Iterative Benchmarking: Start with a low load (e.g., few concurrent users or small batch size) and gradually increase it, measuring latency and throughput at each step. This helps identify the system's breaking point and understand the latency-throughput trade-off.

This chart demonstrates how throughput typically increases with batch size for both baseline (FP16) and quantized (INT8) models, with the quantized model achieving higher throughput, especially at larger batch sizes. Saturation may occur at even larger batch sizes not shown here.
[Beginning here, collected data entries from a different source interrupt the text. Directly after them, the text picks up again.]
lemma cstep_crename: "cstep t u \<Longrightarrow> cstep (crename r t) (crename r u)"
proof (induction arbitrary: r rule: cstep.induct)
  case (cbeta A N M)
  have "(\<lambda>i. crename r (cinstf [M] i)) = (\<lambda>i. cinstf [crename r M] (rup r i))"
    by (auto simp: cinstf_def rup_def split: nat.splits)
  then have "crename r (cinst [M] N) = cinst [crename r M] (crename (rup r) N)"
    by (simp add: cinst_def crename_csub csub_crename)
  then show ?case by (simp add: cstep.cbeta)
qed (auto intro: cstep.intros)

lemma csteps_clift0: "csteps t u \<Longrightarrow> csteps (clift 0 t) (clift 0 u)"
  unfolding clift0_eq_crename by (rule rtranclp_map_step) (rule cstep_crename)

lemma csteps_CPi: "csteps A A' \<Longrightarrow> csteps B B' \<Longrightarrow> csteps (CPi A B) (CPi A' B')"
  using rtranclp_map_step[of cstep cstep "\<lambda>A. CPi A B"] rtranclp_map_step[of cstep cstep "CPi A'"]
  by (meson cpi1 cpi2 rtranclp_trans)

lemma csteps_CApp: "csteps M M' \<Longrightarrow> csteps N N' \<Longrightarrow> csteps (CApp M N) (CApp M' N')"
  using rtranclp_map_step[of cstep cstep "\<lambda>M. CApp M N"] rtranclp_map_step[of cstep cstep "CApp M'"]
  by (meson capp1 capp2 rtranclp_trans)

lemma csteps_CLam: "csteps A A' \<Longrightarrow> csteps M M' \<Longrightarrow> csteps (CLam A M) (CLam A' M')"
  using rtranclp_map_step[of cstep cstep "\<lambda>A. CLam A M"] rtranclp_map_step[of cstep cstep "CLam A'"]
  by (meson clam1 clam2 rtranclp_trans)
(*
  Let L be the lattice spanned by v1, v2 and d a ternary direction.
  The k-th point p_k of the folded-row lies in S and is congruent to k*d modulo L.
  Since S is a complete system of residues modulo L, the folded-row visits every
  element of S iff every point of Z^2 is congruent modulo L to some multiple of d,
  i.e. iff L + Zd = Z^2 (the residues k*d with k ranging over Z reduce to
  0 <= k < |det| because |det| * Z^2 is contained in L).

  For a primitive d, the functional phi_d(x) = d1*x2 - d2*x1 maps Z^2 onto Z with
  kernel exactly Zd, so L + Zd = Z^2 iff phi_d(L) = Z.  As phi_d(L) is generated by
  phi_d(v1) and phi_d(v2), Bezout's identity turns this into
  gcd(phi_d(v1), phi_d(v2)) = 1.  The four directions of the theorem are instances
  of this criterion.
*)

definition smul :: "int \<Rightarrow> pt \<Rightarrow> pt" where
  "smul k x = (k * fst x, k * snd x)"

lemma lattice2_iff:
  "x \<in> lattice2 v1 v2 \<longleftrightarrow>
     (\<exists>u1 u2. fst x = u1 * fst v1 + u2 * fst v2 \<and> snd x = u1 * snd v1 + u2 * snd v2)"
  by (cases x) (auto simp: lattice2_def)

lemma lattice2_zero: "(0, 0) \<in> lattice2 v1 v2"
  unfolding lattice2_iff by (intro exI[of _ 0]) simp

lemma lattice2_padd:
  assumes "x \<in> lattice2 v1 v2" and "y \<in> lattice2 v1 v2"
  shows "padd x y \<in> lattice2 v1 v2"
proof -
  from assms obtain a1 a2 b1 b2 where
    "fst x = a1 * fst v1 + a2 * fst v2" "snd x = a1 * snd v1 + a2 * snd v2"
    "fst y = b1 * fst v1 + b2 * fst v2" "snd y = b1 * snd v1 + b2 * snd v2"
    unfolding lattice2_iff by blast
  then show ?thesis unfolding lattice2_iff padd_def
    by (intro exI[of _ "a1 + b1"] exI[of _ "a2 + b2"]) (simp add: algebra_simps)
qed
definition W1 :: "'x set \<Rightarrow> ('x \<Rightarrow> 'x \<Rightarrow> real) \<Rightarrow> ('x \<Rightarrow> real) \<Rightarrow> ('x \<Rightarrow> real) \<Rightarrow> real" where
  "W1 X d P Q = Inf {(\<Sum>z\<in>X \<times> X. \<gamma> z * d (fst z) (snd z)) | \<gamma>. coupling X P Q \<gamma>}"

definition pair_metric :: "'x set \<Rightarrow> 'z set \<Rightarrow> real \<Rightarrow> 'x \<times> 'z \<Rightarrow> 'x \<times> 'z \<Rightarrow> real" where
  "pair_metric Xs Zs p u v = lp_dist (Xs <+> Zs) p (onehot_pair u) (onehot_pair v)"

definition IW :: "'w measure \<Rightarrow> real \<Rightarrow> 'x set \<Rightarrow> 'z set \<Rightarrow> ('w \<Rightarrow> 'x) \<Rightarrow> ('w \<Rightarrow> 'z) \<Rightarrow> real" where
  "IW M p Us Vs U V =
     W1 (Us \<times> Vs) (pair_metric Us Vs p)
        (\<lambda>(u, v). \<P>(w in M. U w = u \<and> V w = v))
        (\<lambda>(u, v). \<P>(w in M. U w = u) * \<P>(w in M. V w = v))"

definition IW_cond :: "'w measure \<Rightarrow> real \<Rightarrow> 'x set \<Rightarrow> 'z set \<Rightarrow> ('w \<Rightarrow> 'x) \<Rightarrow> ('w \<Rightarrow> 'z) \<Rightarrow> ('w \<Rightarrow> bool) \<Rightarrow> real" where
  "IW_cond M p Us Vs U V C =
     W1 (Us \<times> Vs) (pair_metric Us Vs p)
        (\<lambda>(u, v). \<P>(w in M. U w = u \<and> V w = v \<bar> C w))
        (\<lambda>(u, v). \<P>(w in M. U w = u \<bar> C w) * \<P>(w in M. V w = v \<bar> C w))"

end

theory Submission
  imports Defs
begin

(* Under one-hot encodings two distinct pairs are at l_p distance 2^(1/p) if they differ in one
   coordinate and 4^(1/p) if they differ in both. The joint law P and the product law Q of (U, V)
   have the same V-marginal, so mass only has to move inside the slices U x {v}: keeping min(P, Q)
   in place and spreading each slice's surplus proportionally over the same slice's deficit costs
   2^(1/p) times the total surplus, i.e. 2^(1/p)/2 * |P - Q|_1. No coupling is cheaper, since every
   unit that moves costs at least 2^(1/p) and at least half of |P - Q|_1 has to move. Then
   P(u, v) - Q(u, v) = P(V = v) (P(U = u | V = v) - P(U = u)) gives the first formula. The
   conditional dependency measure is the unconditional one under the probability measure
   conditioned on Y = y, and for a binary U the deviations of the values True and False coincide,
   whence the factor 2. *)

lemma sum_abs_onehot_diff_powr:
  assumes "finite S" "u \<in> S" "u' \<in> S" "p > 0"
  shows "(\<Sum>i\<in>S. \<bar>onehot u i - onehot u' i\<bar> powr p) = (if u = u' then 0 else 2)"
proof (cases "u = u'")
  case False
  then have "(\<Sum>i\<in>S. \<bar>onehot u i - onehot u' i\<bar> powr p)
      = (\<Sum>i\<in>S. (if i = u then 1 else 0) + (if i = u' then 1 else 0))"
    by (intro sum.cong) (auto simp: onehot_def)
  with False assms show ?thesis by (simp add: sum.distrib)
qed (simp add: onehot_def)

lemma pair_metric_Pair:
  assumes "finite Us" "finite Vs" "u \<in> Us" "u' \<in> Us" "v \<in> Vs" "v' \<in> Vs" "p > 0"
  shows "pair_metric Us Vs p (u, v) (u', v') =
     ((if u = u' then 0 else 2) + (if v = v' then 0 else 2)) powr (1 / p)"
  using assms by (simp add: pair_metric_def lp_dist_def sum.Plus o_def onehot_pair_def
      sum_abs_onehot_diff_powr)

lemma pair_metric_self:
  assumes "finite Us" "finite Vs" "z \<in> Us \<times> Vs" "p > 0"
  shows "pair_metric Us Vs p z z = 0"
  using assms pair_metric_Pair[of Us Vs "fst z" "fst z" "snd z" "snd z" p] by auto

lemma pair_metric_ge:
  assumes "finite Us" "finite Vs" "z \<in> Us \<times> Vs" "w \<in> Us \<times> Vs" "z \<noteq> w" "p > 0"
  shows "2 powr (1 / p) \<le> pair_metric Us Vs p z w"
proof -
  obtain u v u' v' where z: "z = (u, v)" and w: "w = (u', v')" by (cases z, cases w) auto
  have "2 \<le> (if u = u' then 0 else 2) + (if v = v' then 0 else 2 :: real)"
    using assms z w by auto
  with assms z w show ?thesis
    by (simp add: pair_metric_Pair powr_mono2)
qed

lemma pair_metric_same_snd:
  assumes "finite Us" "finite Vs" "z \<in> Us \<times> Vs" "w \<in> Us \<times> Vs" "z \<noteq> w" "snd z = snd w" "p > 0"
  shows "pair_metric Us Vs p z w = 2 powr (1 / p)"
  using assms pair_metric_Pair[of Us Vs "fst z" "fst w" "snd z" "snd w" p]
  by (auto simp: prod_eq_iff)

definition transport_cost :: "'x set \<Rightarrow> ('x \<Rightarrow> 'x \<Rightarrow> real) \<Rightarrow> ('x \<times> 'x \<Rightarrow> real) \<Rightarrow> real" where
  "transport_cost X d \<gamma> = (\<Sum>z\<in>X. \<Sum>w\<in>X. \<gamma> (z, w) * d z w)"

lemma W1_eq_Inf_transport_cost:
  "W1 X d P Q = Inf {transport_cost X d \<gamma> | \<gamma>. coupling X P Q \<gamma>}"
  by (simp add: W1_def transport_cost_def sum.cartesian_product case_prod_beta)

definition off_diagonal_mass :: "'x set \<Rightarrow> ('x \<times> 'x \<Rightarrow> real) \<Rightarrow> real" where
  "off_diagonal_mass X \<gamma> = (\<Sum>z\<in>X. \<Sum>w\<in>X. if z = w then 0 else \<gamma> (z, w))"

lemma sum_eq_diagonal_add_off_diagonal:
  assumes "finite X" "z \<in> X"
  shows "(\<Sum>w\<in>X. f w) = f z + (\<Sum>w\<in>X. if z = w then 0 else f w :: real)"
proof -
  have "(\<Sum>w\<in>X. f w) = (\<Sum>w\<in>X. (if z = w then f w else 0) + (if z = w then 0 else f w))"
    by (intro sum.cong) auto
  with assms show ?thesis by (simp add: sum.distrib)
qed

lemma coupling_sum_abs_diff_le_off_diagonal_mass:
  assumes "finite X" "coupling X P Q \<gamma>"
  shows "(\<Sum>z\<in>X. \<bar>P z - Q z\<bar>) \<le> 2 * off_diagonal_mass X \<gamma>"
proof -
  have nonneg: "\<And>z. \<gamma> z \<ge> 0"
    and rows: "\<And>z. z \<in> X \<Longrightarrow> P z = (\<Sum>w\<in>X. \<gamma> (z, w))"
    and cols: "\<And>z. z \<in> X \<Longrightarrow> Q z = (\<Sum>w\<in>X. \<gamma> (w, z))"
    using assms(2) by (auto simp: coupling_def)
  have "\<bar>P z - Q z\<bar> \<le> (\<Sum>w\<in>X. if z = w then 0 else \<gamma> (z, w)) + (\<Sum>w\<in>X. if w = z then 0 else \<gamma> (w, z))"
    (is "_ \<le> ?out + ?in") if "z \<in> X" for z
  proof -
    have "P z = \<gamma> (z, z) + ?out" "Q z = \<gamma> (z, z) + ?in"
      using that rows[of z] cols[of z] assms(1)
        sum_eq_diagonal_add_off_diagonal[of X z "\<lambda>w. \<gamma> (z, w)"]
        sum_eq_diagonal_add_off_diagonal[of X z "\<lambda>w. \<gamma> (w, z)"]
      by (simp_all add: eq_commute[of z])
    moreover have "?out \<ge> 0" "?in \<ge> 0"
      by (simp_all add: nonneg sum_nonneg)
    ultimately show ?thesis by linarith
  qed
  then have "(\<Sum>z\<in>X. \<bar>P z - Q z\<bar>) \<le> off_diagonal_mass X \<gamma> + (\<Sum>z\<in>X. \<Sum>w\<in>X. if w = z then 0 else \<gamma> (w, z))"
    by (simp add: off_diagonal_mass_def sum.distrib[symmetric] sum_mono)
  also have "(\<Sum>z\<in>X. \<Sum>w\<in>X. if w = z then 0 else \<gamma> (w, z)) = off_diagonal_mass X \<gamma>"
    unfolding off_diagonal_mass_def by (rule sum.swap)
  finally show ?thesis by simp
qed

lemma transport_cost_ge_off_diagonal_mass:
  assumes "\<And>z. \<gamma> z \<ge> 0" "\<And>z. z \<in> X \<Longrightarrow> 0 \<le> d z z"
    and "\<And>z w. z \<in> X \<Longrightarrow> w \<in> X \<Longrightarrow> z \<noteq> w \<Longrightarrow> c \<le> d z w"
  shows "c * off_diagonal_mass X \<gamma> \<le> transport_cost X d \<gamma>"
  unfolding off_diagonal_mass_def transport_cost_def sum_distrib_left
  using assms by (intro sum_mono) (auto simp: mult.commute[of c] intro!: mult_left_mono)

definition surplus :: "('x \<Rightarrow> real) \<Rightarrow> ('x \<Rightarrow> real) \<Rightarrow> 'x \<Rightarrow> real" where
  "surplus P Q z = max (P z - Q z) 0"

lemma surplus_nonneg: "0 \<le> surplus P Q z"
  by (simp add: surplus_def)

lemma abs_diff_eq_surplus_add_surplus: "\<bar>P z - Q z\<bar> = surplus P Q z + surplus Q P z"
  by (simp add: surplus_def)

lemma min_add_surplus: "min (P z) (Q z) + surplus P Q z = P z"
  by (simp add: surplus_def)

lemma surplus_mult_surplus_swap: "surplus P Q z * surplus Q P z = 0"
  by (simp add: surplus_def max_def)

lemma sum_surplus_swap:
  assumes "(\<Sum>x\<in>S. P x) = (\<Sum>x\<in>S. Q x)"
  shows "(\<Sum>x\<in>S. surplus Q P x) = (\<Sum>x\<in>S. surplus P Q x)"
proof -
  have "(\<Sum>x\<in>S. surplus P Q x) - (\<Sum>x\<in>S. surplus Q P x) = (\<Sum>x\<in>S. P x) - (\<Sum>x\<in>S. Q x)"
    unfolding sum_subtractf[symmetric] by (rule sum.cong) (auto simp: surplus_def)
  with assms show ?thesis by simp
qed

lemma sum_abs_diff_eq_twice_sum_surplus:
  assumes "(\<Sum>x\<in>S. P x) = (\<Sum>x\<in>S. Q x)"
  shows "(\<Sum>x\<in>S. \<bar>P x - Q x\<bar>) = 2 * (\<Sum>x\<in>S. surplus Q P x)"
  using sum_surplus_swap[OF assms]
  by (simp add: abs_diff_eq_surplus_add_surplus sum.distrib)

definition balanced_slices :: "'u set \<Rightarrow> 'v set \<Rightarrow> ('u \<times> 'v \<Rightarrow> real) \<Rightarrow> ('u \<times> 'v \<Rightarrow> real) \<Rightarrow> bool" where
  "balanced_slices Us Vs P Q \<longleftrightarrow> (\<forall>v\<in>Vs. (\<Sum>u\<in>Us. P (u, v)) = (\<Sum>u\<in>Us. Q (u, v)))"

lemma balanced_slices_swap: "balanced_slices Us Vs Q P = balanced_slices Us Vs P Q"
  by (auto simp: balanced_slices_def)

lemma balanced_slices_sum_eq:
  assumes "balanced_slices Us Vs P Q"
  shows "(\<Sum>z\<in>Us \<times> Vs. P z) = (\<Sum>z\<in>Us \<times> Vs. Q z)"
proof -
  have "(\<Sum>z\<in>Us \<times> Vs. P z) = (\<Sum>v\<in>Vs. \<Sum>u\<in>Us. P (u, v))" for P :: "_ \<Rightarrow> real"
    by (subst sum.swap) (simp add: sum.cartesian_product case_prod_beta)
  with assms show ?thesis by (simp add: balanced_slices_def)
qed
Factors Influencing Measurements

Be aware that latency and throughput are not fixed numbers; they depend heavily on:

Hardware: CPU type, GPU model (compute capability, memory bandwidth), available RAM.
Software Stack: The specific quantization library (e.g., bitsandbytes, AutoGPTQ), inference server (e.g., vLLM, TensorRT-LLM, TGI), CUDA version, driver versions. Optimized kernels in frameworks like TensorRT-LLM can drastically improve performance for specific quantization formats (like INT4 or INT8) on supported hardware.
Model Characteristics: Architecture, size (number of parameters).
Quantization Details: Precision (INT8, INT4, NF4), quantization scheme (per-tensor, per-channel), specific algorithm (GPTQ, AWQ).
Workload: Input sequence length, output sequence length (for generation), batch size, number of concurrent requests. Longer sequences generally increase latency.

When reporting results, always specify the complete hardware and software environment, the model used, the quantization method, and the exact workload parameters (input/output length, batch size, concurrency level) to ensure reproducibility and fair comparison. Consistent and rigorous measurement is fundamental to understanding the real-world benefits and trade-offs of deploying quantized LLMs.